There's very little novelty in what VR provides - it just provides a significant enhancement in the experience
Also, limitations can breed efficiency - by being constrained to a 2D projection, the interactions are simplified and streamlined
VR provides the same goals and expects utility (fun, efficiency) from the process.
Its fun and interesting, but I haven't seen anything groundbreaking.
Frankly, I think VR and FB are a good match for another reason - they both provide an overwhelming, dissociating experience
This can be a boon, but like sugar and opiates I worry that they're more social or sensory information than we can take in chronically - unfortunately, huge amounts of money and thought and technology is aimed at maximizing our intake to pad coffers.
Have you tried 6DOF VR? There are a ton of issues with current VR systems but your comment makes it seem like your only reference point is sci-fi movies...
No, seems like its becoming more mainstream so maybe this year I will try it. But screens attached to your eyes can only be so compelling. At least in the movies it makes sense to work in these truly immersive environments. Working with an HMD sounds like hell.
> Despite how inexpensive, powerful, and ubiquitous computers have become, very few of the ideas floating around in technology today are better than the ideas from half a century ago, and quite a few are quite a bit worse.
Stand-out line from a fantastic essay. There are so many fruit to harvest that only now seem low-hanging because the hardware has gotten better. See: RNNs, for example. There has been a lot of thought about how the future could look; it's worth paying attention to it.
>when Evelyn shared a document about critique in art and how we could apply those techniques for CDG’s research. Up until then, I was thinking of the connection between art and research as something fuzzy and cultural, as if artists just happen to be good researchers due to some instinct for creativity, or that art gives us life and soul that helps to motivate interesting ideas.

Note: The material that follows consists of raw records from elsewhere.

definition is_minor_idx :: "nat \<Rightarrow> nat \<Rightarrow> nat \<Rightarrow> nat set \<Rightarrow> nat set \<Rightarrow> bool" where
  "is_minor_idx r s k I J \<longleftrightarrow> I \<subseteq> {..<r} \<and> J \<subseteq> {..<s} \<and> card I = k \<and> card J = k"

definition has_troprank :: "nat \<Rightarrow> nat \<Rightarrow> (nat \<Rightarrow> nat \<Rightarrow> ereal) \<Rightarrow> nat \<Rightarrow> bool" where
  "has_troprank r s A k \<longleftrightarrow>
     (\<forall>I J. is_minor_idx r s (k+1) I J \<longrightarrow> trop_minor A I J = -\<infinity>) \<and>
     (\<exists>I J. is_minor_idx r s k I J \<and> trop_minor A I J \<noteq> -\<infinity>)"

end

theory Submission
  imports Defs
begin

text \<open>In a matrix of G(r x s) the finite entries of distinct columns lie in distinct rows. Picking
  one finite entry in each of the c columns that have one yields a c x c submatrix whose
  determinant has a finite term. Any larger square submatrix contains a column without finite
  entries, which kills every term of its determinant. Multiplying by monomial matrices
  N \<in> G(n) and M \<in> G(m) only permutes the rows and columns of the pattern of finite entries,
  so N \<odot> A \<odot> M lies in G(n x m) again and has as many columns with a finite entry as A.\<close>

lemma sum_ereal_eq_MInfty_iff:
  fixes f :: "'a \<Rightarrow> ereal"
  assumes "finite I" and "\<And>i. i \<in> I \<Longrightarrow> f i \<noteq> \<infinity>"
  shows "sum f I = -\<infinity> \<longleftrightarrow> (\<exists>i\<in>I. f i = -\<infinity>)"
  using assms by (induction I rule: finite_induct) (auto simp: sum_Pinfty)

lemma SUP_ereal_eq_MInfty_iff:
  fixes f :: "'a \<Rightarrow> ereal"
  shows "(SUP k\<in>K. f k) = -\<infinity> \<longleftrightarrow> (\<forall>k\<in>K. f k = -\<infinity>)"
  using SUP_bot_conv(1)[of f K] by (simp add: bot_ereal_def)

lemma SUP_ereal_finite_neq_PInfty:
  fixes f :: "'a \<Rightarrow> ereal"
  assumes "finite K" and "\<And>k. k \<in> K \<Longrightarrow> f k \<noteq> \<infinity>"
  shows "(SUP k\<in>K. f k) \<noteq> \<infinity>"
proof (cases "K = {}")
  case False
  then have "(SUP k\<in>K. f k) \<in> f ` K"
    using assms(1) by (simp add: cSup_eq_Max)
  then show ?thesis using assms(2) by (metis imageE)
qed (simp add: bot_ereal_def)

lemma trop_mat_trop_mult:
  assumes "trop_mat r s A" and "trop_mat s t B"
  shows "trop_mat r t (trop_mult s A B)"
  using assms unfolding trop_mat_def trop_mult_def
  by (intro allI impI SUP_ereal_finite_neq_PInfty) auto

lemma trop_mult_neq_MInfty_iff:
  assumes "trop_mat r s A" and "trop_mat s t B" and "i < r" and "j < t"
  shows "trop_mult s A B i j \<noteq> -\<infinity> \<longleftrightarrow> (\<exists>k<s. A i k \<noteq> -\<infinity> \<and> B k j \<noteq> -\<infinity>)"
  using assms unfolding trop_mat_def trop_mult_def SUP_ereal_eq_MInfty_iff by auto

lemma trop_minor_eq_MInfty:
  assumes "finite I" and "\<And>i j. i \<in> I \<Longrightarrow> j \<in> J \<Longrightarrow> A i j \<noteq> \<infinity>"
    and "j \<in> J" and "\<And>i. i \<in> I \<Longrightarrow> A i j = -\<infinity>"
  shows "trop_minor A I J = -\<infinity>"
  unfolding trop_minor_def SUP_ereal_eq_MInfty_iff
proof (intro ballI)
  fix \<sigma> assume "\<sigma> \<in> {\<sigma>. bij_betw \<sigma> I J \<and> (\<forall>i. i \<notin> I \<longrightarrow> \<sigma> i = 0)}"
  then have \<sigma>: "bij_betw \<sigma> I J" by simp
  then obtain i where "i \<in> I" "\<sigma> i = j"
    using \<open>j \<in> J\<close> by (metis bij_betw_iff_bijections)
  moreover have "A k (\<sigma> k) \<noteq> \<infinity>" if "k \<in> I" for k
    using \<sigma> that assms(2) bij_betwE by blast
  ultimately show "(\<Sum>i\<in>I. A i (\<sigma> i)) = -\<infinity>"
    using assms(1,4) by (subst sum_ereal_eq_MInfty_iff) auto
qed

lemma trop_minor_neq_MInfty:
  assumes "finite I" and "bij_betw \<sigma> I J"
    and "\<And>i. i \<in> I \<Longrightarrow> A i (\<sigma> i) \<noteq> -\<infinity>" and "\<And>i. i \<in> I \<Longrightarrow> A i (\<sigma> i) \<noteq> \<infinity>"
  shows "trop_minor A I J \<noteq> -\<infinity>"
proof -
  define \<sigma>' where "\<sigma>' i = (if i \<in> I then \<sigma> i else 0)" for i
  have "bij_betw \<sigma>' I J"
    using assms(2) by (rule bij_betw_cong[THEN iffD1, rotated]) (simp add: \<sigma>'_def)
  moreover have "(\<Sum>i\<in>I. A i (\<sigma>' i)) \<noteq> -\<infinity>"
    using assms by (subst sum_ereal_eq_MInfty_iff) (auto simp: \<sigma>'_def)
  ultimately show ?thesis
    unfolding trop_minor_def SUP_ereal_eq_MInfty_iff by (auto simp: \<sigma>'_def)
qed

definition finite_entry_cols :: "nat \<Rightarrow> nat \<Rightarrow> (nat \<Rightarrow> nat \<Rightarrow> ereal) \<Rightarrow> nat set" where
  "finite_entry_cols r s A = {j. j < s \<and> (\<exists>i<r. A i j \<noteq> -\<infinity>)}"

lemma finite_entry_cols_subset: "finite_entry_cols r s A \<subseteq> {..<s}"
  unfolding finite_entry_cols_def by auto

lemma trop_minor_eq_MInfty_if_card_gt:
  assumes "trop_mat r s A" and "is_minor_idx r s k I J"
    and "card (finite_entry_cols r s A) < k"
  shows "trop_minor A I J = -\<infinity>"
proof -
  have I: "I \<subseteq> {..<r}" and J: "J \<subseteq> {..<s}" and "card J = k"
    using assms(2) unfolding is_minor_idx_def by auto
  then have "\<not> J \<subseteq> finite_entry_cols r s A"
    using assms(3) card_mono[of "finite_entry_cols r s A" J] finite_entry_cols_subset
    by (metis finite_lessThan finite_subset not_le)
  then obtain j where "j \<in> J" "j \<notin> finite_entry_cols r s A" by blast
  with I J show ?thesis
    using assms(1) finite_subset[OF I]
    by (intro trop_minor_eq_MInfty[where j = j]) (auto simp: trop_mat_def finite_entry_cols_def)
qed

lemma G_rect_finite_entries_same_col:
  assumes "G_rect r s A" and "i < r" and "j < s" and "j' < s"
    and "A i j \<noteq> -\<infinity>" and "A i j' \<noteq> -\<infinity>"
  shows "j = j'"
proof -
  have "card {j. j < s \<and> A i j \<noteq> -\<infinity>} \<le> Suc 0"
    using assms(1,2) unfolding G_rect_def by auto
  then show ?thesis
    using assms(3-) by (auto simp: card_le_Suc0_iff_eq)
qed

lemma G_rect_nonvanishing_minor:
  assumes "G_rect r s A"
  defines "C \<equiv> finite_entry_cols r s A"
  obtains I where "is_minor_idx r s (card C) I C" and "trop_minor A I C \<noteq> -\<infinity>"
proof -
  define \<rho> where "\<rho> j = (SOME i. i < r \<and> A i j \<noteq> -\<infinity>)" for j
  have \<rho>: "\<rho> j < r \<and> A (\<rho> j) j \<noteq> -\<infinity>" if "j \<in> C" for j
  proof -
    have "\<exists>i. i < r \<and> A i j \<noteq> -\<infinity>"
      using that unfolding C_def finite_entry_cols_def by auto
    then show ?thesis
      unfolding \<rho>_def by (rule someI_ex)
  qed
  have C: "C \<subseteq> {..<s}"
    unfolding C_def by (rule finite_entry_cols_subset)
  have inj: "inj_on \<rho> C"
    using \<rho> C G_rect_finite_entries_same_col[OF assms(1)] by (intro inj_onI) (metis lessThan_iff subsetD)
  have "bij_betw (the_inv_into C \<rho>) (\<rho> ` C) C"
    using inj by (simp add: bij_betw_the_inv_into inj_on_imp_bij_betw)
  moreover have "A (\<rho> j) (the_inv_into C \<rho> (\<rho> j)) \<noteq> \<infinity>" if "j \<in> C" for j
    using assms(1) \<rho> C that by (auto simp: the_inv_into_f_f[OF inj] G_rect_def trop_mat_def)
  ultimately have "trop_minor A (\<rho> ` C) C \<noteq> -\<infinity>"
    using \<rho> C finite_subset[OF C]
    by (intro trop_minor_neq_MInfty) (auto simp: the_inv_into_f_f[OF inj])
  moreover have "is_minor_idx r s (card C) (\<rho> ` C) C"
    using \<rho> C card_image[OF inj] unfolding is_minor_idx_def by auto
  ultimately show thesis
    using that by simp
qed

lemma has_troprank_G_rect:
  assumes "G_rect r s A"
  shows "has_troprank r s A (card (finite_entry_cols r s A))"
proof -
  have "trop_mat r s A"
    using assms unfolding G_rect_def by simp
  then show ?thesis
    unfolding has_troprank_def
    using trop_minor_eq_MInfty_if_card_gt G_rect_nonvanishing_minor[OF assms] by (metis less_add_one)
qed

lemma G_sq_obtains_perm:
  assumes "G_sq n N"
  obtains \<pi> where "bij_betw \<pi> {..<n} {..<n}"
    and "\<And>i k. i < n \<Longrightarrow> k < n \<Longrightarrow> N i k \<noteq> -\<infinity> \<longleftrightarrow> k = \<pi> i"
proof -
  define \<pi> where "\<pi> i = the_elem {k. k < n \<and> N i k \<noteq> -\<infinity>}" for i
  have row: "{k. k < n \<and> N i k \<noteq> -\<infinity>} = {\<pi> i}" if "i < n" for i
  proof -
    have "card {k. k < n \<and> N i k \<noteq> -\<infinity>} = 1"
      using assms that unfolding G_sq_def by auto
    then obtain k where "{k. k < n \<and> N i k \<noteq> -\<infinity>} = {k}"
      by (auto simp: card_1_singleton_iff)
    then show ?thesis
      unfolding \<pi>_def by simp
  qed
  then have finite_iff: "N i k \<noteq> -\<infinity> \<longleftrightarrow> k = \<pi> i" if "i < n" "k < n" for i k
    using that by (auto simp: set_eq_iff)
  have maps_to: "\<pi> ` {..<n} \<subseteq> {..<n}"
    using row by (auto simp: set_eq_iff)
  have "inj_on \<pi> {..<n}"
  proof (rule inj_onI)
    fix i i' assume "i \<in> {..<n}" "i' \<in> {..<n}" "\<pi> i = \<pi> i'"
    moreover have "card {a. a < n \<and> N a (\<pi> i) \<noteq> -\<infinity>} \<le> Suc 0"
      using assms maps_to \<open>i \<in> {..<n}\<close> unfolding G_sq_def by auto
    ultimately show "i = i'"
      using finite_iff maps_to by (auto simp: card_le_Suc0_iff_eq)
  qed
  with maps_to have "bij_betw \<pi> {..<n} {..<n}"
    by (simp add: bij_betw_def endo_inj_surj)
  from this finite_iff show thesis
    by (rule that)
qed

lemma G_sq_transpose: "G_sq n N \<Longrightarrow> G_sq n (\<lambda>i j. N j i)"
  unfolding G_sq_def trop_mat_def by auto

lemma G_rect_permuted_pattern:
  assumes "G_rect r s A" and "trop_mat r s B"
    and "bij_betw \<pi> {..<r} {..<r}" and "bij_betw \<tau> {..<s} {..<s}"
    and "\<And>i j. i < r \<Longrightarrow> j < s \<Longrightarrow> B i j \<noteq> -\<infinity> \<longleftrightarrow> A (\<pi> i) (\<tau> j) \<noteq> -\<infinity>"
  shows "G_rect r s B"
  unfolding G_rect_def
proof (intro conjI allI impI)
  fix i assume "i < r"
  then have "\<pi> i < r"
    using assms(3) bij_betwE by blast
  have "card {j. j < s \<and> B i j \<noteq> -\<infinity>} \<le> card {j. j < s \<and> A (\<pi> i) j \<noteq> -\<infinity>}"
  proof (rule card_inj_on_le)
    show "inj_on \<tau> {j. j < s \<and> B i j \<noteq> -\<infinity>}"
      using assms(4) by (auto simp: bij_betw_def intro: inj_on_subset)
    show "\<tau> ` {j. j < s \<and> B i j \<noteq> -\<infinity>} \<subseteq> {j. j < s \<and> A (\<pi> i) j \<noteq> -\<infinity>}"
      using assms(4,5) \<open>i < r\<close> bij_betwE by fastforce
  qed simp
  also have "\<dots> \<le> 1"
    using assms(1) \<open>\<pi> i < r\<close> unfolding G_rect_def by blast
  finally show "card {j. j < s \<and> B i j \<noteq> -\<infinity>} \<le> 1" .
qed (fact assms(2))

lemma card_finite_entry_cols_permuted_pattern:
  assumes "bij_betw \<pi> {..<r} {..<r}" and "bij_betw \<tau> {..<s} {..<s}"
    and "\<And>i j. i < r \<Longrightarrow> j < s \<Longrightarrow> B i j \<noteq> -\<infinity> \<longleftrightarrow> A (\<pi> i) (\<tau> j) \<noteq> -\<infinity>"
  shows "card (finite_entry_cols r s B) = card (finite_entry_cols r s A)"
proof (rule bij_betw_same_card)
  have "\<tau> ` finite_entry_cols r s B = finite_entry_cols r s A"
  proof (intro equalityI subsetI)
    fix j' assume "j' \<in> \<tau> ` finite_entry_cols r s B"
    then show "j' \<in> finite_entry_cols r s A"
      using assms bij_betwE unfolding finite_entry_cols_def by fastforce
  next
    fix j' assume "j' \<in> finite_entry_cols r s A"
    then obtain i' where "j' < s" "i' < r" "A i' j' \<noteq> -\<infinity>"
      unfolding finite_entry_cols_def by blast
    moreover obtain i where "i < r" "\<pi> i = i'"
      using bij_betw_imp_surj_on[OF assms(1)] \<open>i' < r\<close> by (metis imageE lessThan_iff)
    moreover obtain j where "j < s" "\<tau> j = j'"
      using bij_betw_imp_surj_on[OF assms(2)] \<open>j' < s\<close> by (metis imageE lessThan_iff)
    ultimately show "j' \<in> \<tau> ` finite_entry_cols r s B"
      using assms(3) unfolding finite_entry_cols_def by blast
  qed
  then show "bij_betw \<tau> (finite_entry_cols r s B) (finite_entry_cols r s A)"
    by (rule bij_betw_subset[OF assms(2) finite_entry_cols_subset])
qed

I don't classify myself as an artist but the cited document is wonderful!
Vi Hart if you're out there somewhere, thank you for writing this! I've been a big fan of your work for a while and this was a delight to read.
What was a standout result of her research in VR? What was the important question that she posed? Did she come to an answer?
I read through some of the posts on elevr, and I wasn't able to find something that jumped out at me, like Bret Victor's talks and posts did for me. Did anyone else?
CTO's personal experimentation/prototype team? Like mini skunkworks for experiments that benefit from and ought to have zero bureaucracy. That's what I'd ask for if I were high enough up the chain. "give me a 5 person squad of elites and the mandate to point them at anything at all."
I really enjoy reading Vi Hart, and I had to think of a hobby I picked up recently, which is Super Mario Maker on the Nintendo Wii U. It's not quite Turing complete, but the complexity it brings forth really gets me thinking into similar directions. And if I'm now imagining a full-fledged programming environment in a Jump-and-Run world, I'm quite sure bringing all this into the third dimension would be mind-boggling.
Also, there were attempts to bring computational complexity to MineCraft once? What happened to this stuff? Did it ever evolve past simple experiments? I imagine puzzles, the kind you can find in SMM, but in a somehow self-aware MineCraft environment, where when you do X, entire walls rearrange to give way to another cave. Maybe this would remove some of the open world aspects of the game, but still be pretty amazing.
Interesting read! I would have liked more details about what specifically they found useful about artistic methods of inquiry. Hart writes that they were able to isolate certain patterns of thought; what were those?